For the second year in a row, Joe Biden declined to do an interview before the Super Bowl.
The Super Bowl is scheduled to be held on Sunday, February 11, and will be broadcast on CBS. The match will be between the San Francisco 49ers and the Kansas City Chiefs.
After CBS recently discussed the matter with the White House, Biden decided not to do the interview. That would have given it a very large audience, considering it's the biggest television event of the year.
There has been a long-standing tradition of the president being interviewed by the station broadcasting the big game dating back to 2009 with Barack Obama.
A variety have been reported:
CBS News has confirmed that President Joe Biden will not participate in any dialogue during the pre-game festivities leading up to CBS' broadcast of Super Bowl LVIII on February 11. Paramount Global News has held discussions with the White House in recent weeks. Details cannot be known about which reporters might have been of interest for the assignment, but it is believed that CBS News' offer was for a 15-minute interview, three or four minutes of which would have been broadcast during the network's pre-game coverage.

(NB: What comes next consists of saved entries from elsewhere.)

(* Let $q$ be a prime power and $d\ge 3$. Let $\mathbb{F}_q[x,y]_d$ be the vector space of binary forms of degree $d$ over $\mathbb{F}_q$ (including $0$), and let \[ B_d=\{f\in\mathbb{F}_q[x,y]_d : f \text{ has a double root in } \mathbb{P}^1(\overline{\mathbb{F}}_q)\}, \] where by convention $0\in B_d$. Then $\#B_d=q^d+q^{d-1}-q^{d-2}$.
   Context: A binary form $f$ has a double root at a point of $\mathbb{P}^1(\overline{\mathbb{F}}_q)$ if the corresponding linear form divides $f$ at least twice over $\overline{\mathbb{F}}_q$; i.e. $B_d$ is the set of binary forms of degree $d$ which are not square-free, with $0$ regarded as not square-free. *)

theory Defs
  imports "HOL-Library.Cardinality" "HOL-Computational_Algebra.Polynomial" "HOL-Algebra.Algebraic_Closure_Type"
begin

(* A binary form of degree d over a field K, f = \<Sum>_{i\<le>d} c_i x^i y^(d-i),
   is encoded by the univariate polynomial \<Sum>_{i\<le>d} c_i X^i of degree \<le> d
   (the form 0 is the zero polynomial).  Under this encoding the product of a form
   of degree m with a form of degree n is the polynomial product (degree m+n). *)
definition binary_forms :: "nat \<Rightarrow> 'a::zero poly set" where
  "binary_forms d = {f. degree f \<le> d}"

(* The linear form b x - a y over the algebraic closure (with (a,b) \<noteq> (0,0)),
   i.e. the point [a:b] of P^1, is encoded by [:-a, b:].  A degree-d form f has a double
   root in P^1(algebraic closure) iff for some such linear form l, l^2 divides f in
   the ring of binary forms over the algebraic closure, i.e. f = l^2 * g for a
   form g of degree d-2. *)
definition has_double_root :: "nat \<Rightarrow> 'a::field poly \<Rightarrow> bool" where
  "has_double_root d f \<longleftrightarrow>
     (\<exists>a b :: 'a alg_closure. (a, b) \<noteq> (0, 0) \<and>
        (\<exists>g. degree g \<le> d - 2 \<and> map_poly to_ac f = [:-a, b:]^2 * g))"

definition B :: "nat \<Rightarrow> 'a::field poly set" where
  "B d = {f \<in> binary_forms d. has_double_root d f}"

end
theorem theorem2p11:
  fixes \<alpha> :: real
  assumes "\<alpha> \<noteq> 0"
  shows
   "(\<forall>v0 u1 u2. u1 \<ge> 0 \<longrightarrow> u2 \<ge> 0 \<longrightarrow>
       (let p1 = Psi u1 v0; p2 = Psi u2 v0; \<sigma> = (\<lambda>t. Psi (u1 + t * (u2 - u1)) v0) in
         curve_joining \<sigma> 0 1 p1 p2 \<and>
         (\<forall>\<gamma> a b. curve_joining \<gamma> a b p1 p2 \<longrightarrow> energy \<alpha> \<sigma> 0 1 \<le> energy \<alpha> \<gamma> a b)))
    \<and>
    (\<alpha> > 0 \<longrightarrow>
     (\<forall>v0 u1 u2. u1 \<ge> 0 \<longrightarrow> u2 \<ge> 0 \<longrightarrow>
       (let p1 = Psi u1 v0; p2 = Psi u2 (v0 + pi); \<sigma> = (\<lambda>t. geod v0 (u1 - t * (u1 + u2))) in
         curve_joining \<sigma> 0 1 p1 p2 \<and>
         (\<forall>\<gamma> a b. curve_joining \<gamma> a b p1 p2 \<longrightarrow> energy \<alpha> \<sigma> 0 1 \<le> energy \<alpha> \<gamma> a b))))"
proof (intro conjI impI allI)
  \<comment> \<open>Part (1) holds for \<alpha> = 0 as well.\<close>
  fix v0 u1 u2 :: real
  assume "0 \<le> u1" "0 \<le> u2"
  then show "let p1 = Psi u1 v0; p2 = Psi u2 v0; \<sigma> = (\<lambda>t. Psi (u1 + t * (u2 - u1)) v0) in
      curve_joining \<sigma> 0 1 p1 p2 \<and> (\<forall>\<gamma> a b. curve_joining \<gamma> a b p1 p2 \<longrightarrow> energy \<alpha> \<sigma> 0 1 \<le> energy \<alpha> \<gamma> a b)"
    using ray_curve_joining[of u1 "u2 - u1" v0] radial_segment_minimizes_energy by (simp add: Let_def)
next
  fix v0 u1 u2 :: real
  assume "0 < \<alpha>" "0 \<le> u1" "0 \<le> u2"
  have "(\<lambda>t. geod v0 (u1 - t * (u1 + u2))) = (\<lambda>t. Psi (u1 + t * - (u1 + u2)) v0)"
    by (simp add: geod_eq_Psi algebra_simps)
  then have "curve_joining (\<lambda>t. geod v0 (u1 - t * (u1 + u2))) 0 1 (Psi u1 v0) (Psi u2 (v0 + pi))"
    using ray_curve_joining[of u1 "- (u1 + u2)" v0] by (simp add: Psi_uminus)
  then show "let p1 = Psi u1 v0; p2 = Psi u2 (v0 + pi); \<sigma> = (\<lambda>t. geod v0 (u1 - t * (u1 + u2))) in
      curve_joining \<sigma> 0 1 p1 p2 \<and> (\<forall>\<gamma> a b. curve_joining \<gamma> a b p1 p2 \<longrightarrow> energy \<alpha> \<sigma> 0 1 \<le> energy \<alpha> \<gamma> a b)"
    using geodesic_through_NP_minimizes_energy[OF \<open>0 < \<alpha>\<close> \<open>0 \<le> u1\<close> \<open>0 \<le> u2\<close>] by (simp add: Let_def)
qed

end
(* Let $X$ be a mixed-stable sequence with respect to a full BST $T$. If $GF$ serves $X$ starting with initial tree $T$, then it never restructures the tree: $T_t=T$ for every $t$.
   Context: Binary search tree model and $GF$. Keys are $\{1,\dots,n\}$ and $X=[x_1,\dots,x_m]$ is a query sequence. An algorithm serving $X$ holds a BST $T_{t-1}$ before serving $x_t$, searches $x_t$ from the root, and may then restructure by rotations into $T_t$. Greedy Future ($GF$). After finding $x_t$ in $T_{t-1}$, let $v_1<\dots<v_k$ be the keys on the root-to-$x_t$ path, set $v_0=-\infty$ and $v_{k+1}=+\infty$, and let $R_0,\dots,R_k$ be the subtrees hanging off this path. For each $i$, $\tau(v_i)$ is the smallest $s>t$ with $x_s\in(v_{i-1},v_{i+1})$, or $+\infty$ if there is none. $GF$ rearranges $v_1,\dots,v_k$ as a treap: a BST in key order and a heap in $\tau$, with the smallest $\tau$ at the top. Ties in $\tau$ are broken in favor of the node of smaller depth in $T_{t-1}$. It then reattaches $R_0,\dots,R_k$ unchanged at their unique positions, giving $T_t$. Stable sequences. Let $T$ be a full binary search tree (every inner node has exactly two children), and let $X$ be a query sequence consisting only of keys stored at leaves of $T$. For an inner node $v$, let $X_v$ be the subsequence of $X$ consisting of the queries to keys in the subtree of $v$. - The node $v$ is strongly-stable if consecutive queries of $X_v$ alternate between the left and right subtrees of $v$. - The node $v$ is weakly-stable with a left bias if its left child $u$ is an inner node and $X_v$ repeats cyclically (from some starting phase) the pattern: a query in the left subtree of $u$, then one in the right subtree of $u$, then one in the right subtree of $v$. - Weakly-stable with a right bias is the mirror image: $u$ is the right child of $v$, and the pattern is right subtree of $u$, left subtree of $u$, left subtree of $v$. In both weakly-stable cases $u$ is called the favored child of $v$. $X$ (and $T$) is mixed-stable if every inner node of $T$ is strongly-stable or weakly-stable. *)

theory Defs
  imports "HOL-Library.Tree" "HOL-Library.Extended_Nat" "HOL-Library.Product_Lexorder"
begin

fun search_path :: "nat \<Rightarrow> nat tree \<Rightarrow> nat list" where
  "search_path x Leaf = []"
| "search_path x (Node l a r) =
     a # (if x < a then search_path x l else if a < x then search_path x r else [])"

(* depth of key v (root has depth 0), meaningful when v is in the BST *)
definition depth :: "nat \<Rightarrow> nat tree \<Rightarrow> nat" where
  "depth v T = length (search_path v T) - 1"
lemma indicator_sums_estimate:
  assumes Q: "Q \<in> {P, - P}"
    and bounds: "\<forall>s\<in>{1..d}.
      a (s - 1) \<le> c s \<and> c s < a s \<and> c s \<in> insert 0 (range k) \<and> a s \<in> range k"
    and T: "N (\<lambda>i. \<Sum>s=1..d. lam s * indicator ({a (s - 1)<..a s} \<inter> Q) i) \<le> 1"
  shows "N (\<lambda>i. \<Sum>s=1..d. lam s * indicator {a (s - 1)<..c s} i) \<le> \<epsilon> / 4"
proof -
  define D where "D = real d powr (1 / q - inv_ereal p)"
  define K where "K = 4 * D / \<epsilon>"
  have D: "0 \<le> D" by (simp add: D_def)
  have K: "0 < K" using eps d by (simp add: K_def D_def)
  have "\<forall>j. (2 * K + 2) * psi N (k j) + 1 \<le> psi N (k (Suc j))"
    using lacunary by (simp add: K_def D_def)
  note interval_ge = norm_indicator_interval_ge_on_range[OF balanced Q k_mono this]
  have "K * N (\<lambda>i. \<Sum>s=1..d. lam s * indicator {a (s - 1)<..c s} i)
      \<le> D * N (\<lambda>i. \<Sum>s=1..d. lam s * indicator ({a (s - 1)<..a s} \<inter> Q) i)"
    unfolding D_def
  proof (rule indicator_sums_transfer[OF lower upper exponents, where c = c])
    show "\<forall>s\<in>{1..d}. K * psi N (c s) \<le> N (indicator ({a (s - 1)<..a s} \<inter> Q))"
      using bounds by (auto intro!: interval_ge)
    show "\<forall>s\<in>{1..d}. a (s - 1) < a s" using bounds by force
    show "\<forall>s\<in>{1..d}. {a (s - 1)<..a s} \<inter> Q \<subseteq> {a (s - 1)<..a s} \<and>
        {a (s - 1)<..c s} \<subseteq> {a (s - 1)<..a s} \<and> {a (s - 1)<..c s} \<subseteq> {1..c s}"
      using bounds by fastforce
  qed (use K in simp)
  also have "\<dots> \<le> D" using T D by (simp add: mult_left_le)
  finally show ?thesis using K eps by (simp add: K_def field_simps)
qed

lemma interlaced_estimates:
  fixes m n :: "nat \<Rightarrow> nat"
  assumes Q: "Q \<in> {P, - P}" and m0: "m 0 = 0" and n0: "n 0 = 0"
    and M: "\<forall>s\<in>{1..d}. m s \<in> range k \<and> n s \<in> range k"
    and interlaced: "\<forall>s\<in>{1..d}. n (s - 1) < m s \<and> m s < n s"
  shows "N (\<lambda>i. \<Sum>s=1..d. lam s * indicator ({n (s - 1)<..n s} \<inter> Q) i) \<le> 1 \<Longrightarrow>
      N (\<lambda>i. \<Sum>s=1..d. lam s * indicator {n (s - 1)<..m s} i) \<le> \<epsilon> / 4"
    and "N (\<lambda>i. \<Sum>s=1..d. lam s * indicator ({m (s - 1)<..m s} \<inter> Q) i) \<le> 1 \<Longrightarrow>
      N (\<lambda>i. \<Sum>s=1..d. lam s * indicator {m (s - 1)<..n (s - 1)} i) \<le> \<epsilon> / 4"
proof -
  have m_le_n: "m (s - 1) \<le> n (s - 1)" if "s \<in> {1..d}" for s
  proof (cases "s = 1")
    case False
    then have "s - 1 \<in> {1..d}" using that by auto
    then show ?thesis using interlaced by fastforce
  qed (simp add: m0 n0)
  have n_prev: "n (s - 1) \<in> insert 0 (range k)" if "s \<in> {1..d}" for s
    using M n0 that by (cases "s - 1") auto
  show "N (\<lambda>i. \<Sum>s=1..d. lam s * indicator {n (s - 1)<..m s} i) \<le> \<epsilon> / 4"
    if "N (\<lambda>i. \<Sum>s=1..d. lam s * indicator ({n (s - 1)<..n s} \<inter> Q) i) \<le> 1"
    using that interlaced M by (intro indicator_sums_estimate[OF Q]) auto
  show "N (\<lambda>i. \<Sum>s=1..d. lam s * indicator {m (s - 1)<..n (s - 1)} i) \<le> \<epsilon> / 4"
    if "N (\<lambda>i. \<Sum>s=1..d. lam s * indicator ({m (s - 1)<..m s} \<inter> Q) i) \<le> 1"
    using that interlaced M m_le_n n_prev by (intro indicator_sums_estimate[OF Q]) auto
qed

end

This will be the second year in a row that President Biden has declined the opportunity, which typically draws an audience in the tens of millions, even in the hours before kickoff. President Biden also refused to speak to a Fox News reporter last year. Advertisements for the Super Bowl interview with the president are usually completed five or more days before the event.
Joe Biden evades reporters' questions and avoids the media as much as he can.
Last year, Biden canceled a Fox Soul Super Bowl interview after the network tensed for a week.
In 2021, Joe and Jill Biden made a creepy appearance at the Super Bowl to lecture Americans on “social distancing.”
It looked like people were booing Joe Biden as his video message played on the jumbotron.
No one was paying attention to Joe Biden talking about Covid.